April 28, 2010
Wearing a Kippah and a Surgical Cap
“What happens in California when you have a baby, if you’re not Jewish? Who does the circumcision? Any idea?”
I am sitting on the couch in Dr. Samuel Kunin’s home office in Tarzana, and I am being quizzed. If there is a more passionate speaker on the subject of circumcision than this retired urologist and full-time mohel, I’ve not met him.
Kunin answers his own question. “Obstetricians,” he says. He barely pauses before moving on. “Who do OBs take care of?”
This one I know: Women.
“Women!” Kunin says, throwing a well-manicured hand up in the air. California’s obstetricians are not, as Kunin deftly puts it, “penis-oriented” — and yet they perform more circumcisions than the state’s urologists. “I’m not knocking them,” Kunin says, “because some obstetricians do good circumcisions.”
That constitutes high praise from Kunin, who, by his own estimate, has done more than 9,000 circumcisions in his career, and it’s a compliment he’s looking to dispense more widely — specifically, by training his medical and mohel colleagues. Kunin has taught circumcision technique to numerous classes of obstetricians at Kaiser Permanente hospital, and, for more than 25 years, he has taught the practical part of a course run by Hebrew Union College-Jewish Institute of Religion in Los Angeles that trains doctors and nurses to become mohels. (He took the course himself back in 1984, the first year it was offered.)
The doctor-mohel-instructor is also quite the kibitzer. Kunin says that back when he was a full-time surgeon, he “enjoyed the office as much as the operating room.”
“You could always tell my charts because I had all sorts of drawings, and I took the time to explain everything.” This is still true today. Kunin is as likely to refer to photos on his iMac as he is to do a quick hand-drawn illustration, but his goal remains the same: “I want my patients to be partners with me in their care,” Kunin says, “and I don’t think that that’s changed from the time I was in an office as a full-time urologist to being a mohel.”
Kunin says he wears “both a kippah and a surgical cap” when he works as a mohel, and that dual identity is most apparent in the work he does with his adult conversion clients.
“Before I do anything,” Kunin says, “I have them sit down, and I explain to them Genesis 17, which is the basis of why we do circumcision.” The lesson isn’t limited to scriptural references, and Kunin points to a copy of a hieroglyphic on display in his office. “That shows a circumcision being done on a man going through puberty in Egypt,” he explains.
“Abraham was 3,700 years ago, and that’s at least 4,400 years ago, so I point out the fact that Jews did not invent circumcision. Circumcision was around long before Judaism.”
The 12th century philosopher and physician Maimonides laid out many of the standards for circumcision still in place today, but modern medicine has made a number of improvements since then — including developing new methods of anesthetizing patients.
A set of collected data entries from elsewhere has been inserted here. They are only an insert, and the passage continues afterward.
(* Let $A\in\mathbb{R}^{n\times n}$ be symmetric with orthonormal eigenbasis $\vec{q}_1,\dots,\vec{q}_n$, $A\vec{q}_i=\lambda_i\vec{q}_i$, let $s$ be the number of distinct eigenvalues of $A$, and let $\vec{x}_0\in\mathbb{R}^n$ satisfy $\vec{q}_i^\top\vec{x}_0\neq 0$ for all $i$. Let $\vec{x}_{t+1}=A\vec{x}_t$, $X_k=[\vec{x}_0\ \cdots\ \vec{x}_k]$, $Y_k=[\vec{x}_1\ \cdots\ \vec{x}_{k+1}]$ and $\hat{A}_k=Y_kX_k^{\dagger}$. Assume $A$ has at least one eigenvalue of algebraic multiplicity greater than one, and let $\lambda^*=\max_{i:\,m(\lambda_i)>1}|\lambda_i|$. If $k\ge s$, then $\|A-\hat{A}_k\|_2=\lambda^*$.
   Context: $m(\lambda)$ denotes the algebraic multiplicity of the eigenvalue $\lambda$; $M^{\dagger}$ is the Moore–Penrose pseudo-inverse; $\|\cdot\|_2$ is the spectral norm. *)

theory Defs
  imports "Jordan_Normal_Form.Char_Poly" "HOL-Computational_Algebra.Polynomial"
begin

definition alg_mult :: "real mat \<Rightarrow> real \<Rightarrow> nat" where
  "alg_mult A lam = order lam (char_poly A)"

definition pinv :: "real mat \<Rightarrow> real mat" where
  "pinv M = (THE P. P \<in> carrier_mat (dim_col M) (dim_row M) \<and>
      M * P * M = M \<and> P * M * P = P \<and>
      transpose_mat (M * P) = M * P \<and> transpose_mat (P * M) = P * M)"

definition vnorm :: "real vec \<Rightarrow> real" where
  "vnorm v = sqrt (v \<bullet> v)"

definition spec_norm :: "real mat \<Rightarrow> real" where
  "spec_norm M = Sup {vnorm (M *\<^sub>v v) | v. v \<in> carrier_vec (dim_col M) \<and> vnorm v = 1}"

end

theory Submission
  imports Defs
begin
And though many of his urology colleagues would use general anesthesia, Kunin prefers a method of local anesthetic — for both his infant and adult patients. “I have a lot of nervous people come in,” Kunin says, reading the look on my face perfectly, “and [afterward] they say, ‘Wow, that was easier than going to get my teeth pulled.’ ”
For non-Jewish men who were circumcised at birth, “you can’t re-circumcise them to convert,” Kunin explains. To “make the circumcision covenantal,” Jewish law requires a procedure called hatafat dam brit (drawing the blood of the covenant). Kunin uses a tiny lancet to take a single drop of blood, and he does this in his home, free of charge.
As a general principle, Kunin says, “I don’t want anybody not to be able to afford a bris,” and it’s clear that he believes deeply in the value of circumcision to the Jewish people. “It’s something we’ve been doing for 3,700 years. It’s the one thing that’s persisted even when Egyptians, Greeks, Romans, Spanish inquisitors — and Nazis and Communists in my lifetime — all banned circumcision, and somehow there’s been this common thread that’s kept us going.”
He believes in circumcision from a medical point of view just as deeply — “no study has ever said anything against it” — which is why he finds the prevailing attitude toward the procedure in the medical establishment frustrating.
“Nine out of 10 urologists are not adept at, or trained to, or want to do circumcisions on newborns,” Kunin says. “When I presented a couple of posters at the [annual meeting of the Western Section of the American Urological Association], I had a couple of chiefs of urology walk by and say, ‘I’ve never even done a circumcision.’ ”
“In medicine, circumcision is see-one, do one, teach-one,” Kunin says. “That’s just the way it is.” But he’s working to change that — no matter what hat he’s wearing.